• **Exercise directions**: Repeat word for word, please, only the lines from the one that includes "theory Defs" through the final line of the data.

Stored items

(* Let $(X,d)$ be a complete metric space and let $(a_n)_{n\in\mathbb{N}^*}$ be a sequence of positive reals with $M:=\sup_{n\ge1}\frac{a_n}{a_{n-1}}<1$. Let $f:\ell_\infty(X)\to X$ satisfy one of the following: (i) $a_0L_{s,(a_n)}(f)<1$; (ii) $L_{p,(a_n)}(f)<\left(\frac{1-M}{a_0}\right)^{1/p}$ for some $p\in[1,\infty)$. Then $f$ has a generalized contractive fixed point.
   Context: $\mathbb{N}^*=\{0,1,2,\dots\}$; $\ell_\infty(X)$ is the set of all bounded sequences $(x_n)_{n\in\mathbb{N}^*}$ in $X$. $d_{s,(a_n)}(x,y):=\sup\{a_n d(x_n,y_n):n\in\mathbb{N}^*\}$ and $d_{p,(a_n)}(x,y):=\left(\sum_{n=0}^\infty a_n d^p(x_n,y_n)\right)^{1/p}$; $L_{s,(a_n)}(f)$, $L_{p,(a_n)}(f)$ are the Lipschitz constants of $f$ with respect to these metrics on $\ell_\infty(X)$ and $d$ on $X$. $\tilde f((x_n))=(f((x_n)),x_0,x_1,\dots)$; for $x\in\ell_\infty(X)$: $\tilde{x}^0:=x$, $x^k:=f(\tilde{x}^{k-1})$, $\tilde{x}^k:=\tilde f(\tilde{x}^{k-1})$ ($k\ge1$), and $(x^k)$ is the sequence of generalized iterates of $f$ at $x$. A point $x_*\in X$ with $f(x_*,x_*,\dots)=x_*$ is a generalized fixed point; it is a generalized contractive fixed point if for every $x\in\ell_\infty(X)$ the generalized iterates of $f$ at $x$ converge to $x_*$. *)

theory Defs
  imports "HOL-Analysis.Analysis"
begin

• **Written solution**:
theory Defs
  imports "HOL-Analysis.Analysis"
begin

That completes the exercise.